---------- INPUT

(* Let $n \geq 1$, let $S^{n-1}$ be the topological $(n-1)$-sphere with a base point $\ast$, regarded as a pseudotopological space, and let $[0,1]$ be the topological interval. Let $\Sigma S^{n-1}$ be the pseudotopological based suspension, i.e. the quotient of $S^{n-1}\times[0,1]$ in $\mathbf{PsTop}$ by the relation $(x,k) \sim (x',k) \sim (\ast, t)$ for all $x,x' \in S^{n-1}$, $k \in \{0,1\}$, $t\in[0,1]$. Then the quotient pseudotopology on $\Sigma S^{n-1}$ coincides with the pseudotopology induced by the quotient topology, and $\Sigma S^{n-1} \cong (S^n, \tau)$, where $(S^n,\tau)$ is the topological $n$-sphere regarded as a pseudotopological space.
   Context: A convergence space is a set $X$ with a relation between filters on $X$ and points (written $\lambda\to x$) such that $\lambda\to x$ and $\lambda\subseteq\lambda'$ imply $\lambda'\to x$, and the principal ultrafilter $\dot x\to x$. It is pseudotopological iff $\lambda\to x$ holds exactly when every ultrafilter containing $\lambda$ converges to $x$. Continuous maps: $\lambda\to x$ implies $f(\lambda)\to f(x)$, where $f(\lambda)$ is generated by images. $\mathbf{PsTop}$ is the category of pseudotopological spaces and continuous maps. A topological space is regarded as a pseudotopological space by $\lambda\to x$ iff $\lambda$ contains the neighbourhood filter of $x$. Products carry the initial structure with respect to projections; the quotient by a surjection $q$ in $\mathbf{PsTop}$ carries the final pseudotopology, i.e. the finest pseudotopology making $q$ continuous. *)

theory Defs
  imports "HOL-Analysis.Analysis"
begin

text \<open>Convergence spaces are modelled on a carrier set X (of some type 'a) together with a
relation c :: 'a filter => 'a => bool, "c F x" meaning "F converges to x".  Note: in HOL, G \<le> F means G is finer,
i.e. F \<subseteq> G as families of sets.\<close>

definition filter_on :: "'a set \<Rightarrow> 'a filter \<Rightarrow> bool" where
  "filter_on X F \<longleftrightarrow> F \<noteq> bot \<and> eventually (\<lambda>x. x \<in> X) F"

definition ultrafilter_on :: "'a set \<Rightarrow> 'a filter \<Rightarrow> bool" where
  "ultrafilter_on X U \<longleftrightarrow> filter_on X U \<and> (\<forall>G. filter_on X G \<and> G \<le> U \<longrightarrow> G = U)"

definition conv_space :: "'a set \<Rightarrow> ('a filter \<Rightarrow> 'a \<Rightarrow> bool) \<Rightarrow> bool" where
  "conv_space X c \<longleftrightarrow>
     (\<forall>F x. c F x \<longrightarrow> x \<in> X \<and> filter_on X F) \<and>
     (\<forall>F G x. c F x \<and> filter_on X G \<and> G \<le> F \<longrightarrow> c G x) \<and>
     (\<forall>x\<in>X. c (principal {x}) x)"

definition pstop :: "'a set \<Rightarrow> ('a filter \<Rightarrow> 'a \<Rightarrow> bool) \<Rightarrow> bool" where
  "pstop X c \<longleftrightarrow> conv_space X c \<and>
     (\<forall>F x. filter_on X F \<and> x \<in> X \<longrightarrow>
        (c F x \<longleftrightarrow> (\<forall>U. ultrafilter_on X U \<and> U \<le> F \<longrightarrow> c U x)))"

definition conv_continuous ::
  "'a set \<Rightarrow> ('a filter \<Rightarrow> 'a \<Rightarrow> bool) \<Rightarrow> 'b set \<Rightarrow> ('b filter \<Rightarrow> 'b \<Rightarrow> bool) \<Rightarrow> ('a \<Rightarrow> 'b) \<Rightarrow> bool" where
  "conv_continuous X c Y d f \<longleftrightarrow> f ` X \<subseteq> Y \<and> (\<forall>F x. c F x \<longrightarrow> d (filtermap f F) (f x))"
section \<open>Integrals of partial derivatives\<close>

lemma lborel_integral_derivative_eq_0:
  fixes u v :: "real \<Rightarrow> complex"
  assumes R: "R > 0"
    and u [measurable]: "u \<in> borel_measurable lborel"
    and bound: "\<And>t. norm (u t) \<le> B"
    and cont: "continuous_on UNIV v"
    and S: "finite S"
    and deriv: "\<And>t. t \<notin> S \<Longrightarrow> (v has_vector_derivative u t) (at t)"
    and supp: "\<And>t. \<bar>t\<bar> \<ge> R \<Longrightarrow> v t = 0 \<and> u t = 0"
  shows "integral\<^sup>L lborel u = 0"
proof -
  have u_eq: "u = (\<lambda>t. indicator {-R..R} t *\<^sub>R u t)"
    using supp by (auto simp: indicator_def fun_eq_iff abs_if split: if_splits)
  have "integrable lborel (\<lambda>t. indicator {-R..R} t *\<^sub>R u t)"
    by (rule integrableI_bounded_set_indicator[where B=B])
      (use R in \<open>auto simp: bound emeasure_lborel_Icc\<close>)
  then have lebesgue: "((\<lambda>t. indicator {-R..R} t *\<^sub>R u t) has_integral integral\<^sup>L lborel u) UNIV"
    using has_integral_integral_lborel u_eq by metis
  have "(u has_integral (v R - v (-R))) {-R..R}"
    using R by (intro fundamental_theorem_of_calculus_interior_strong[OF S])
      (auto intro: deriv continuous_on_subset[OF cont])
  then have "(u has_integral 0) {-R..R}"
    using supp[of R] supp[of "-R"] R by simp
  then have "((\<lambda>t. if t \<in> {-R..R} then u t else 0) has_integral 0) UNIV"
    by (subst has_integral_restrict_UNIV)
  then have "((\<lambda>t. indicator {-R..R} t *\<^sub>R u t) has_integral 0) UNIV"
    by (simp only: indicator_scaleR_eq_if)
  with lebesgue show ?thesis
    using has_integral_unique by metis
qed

--------------------

What is the number of lines in the entries above that contain the string "forall"? Reply with the number and nothing more.

7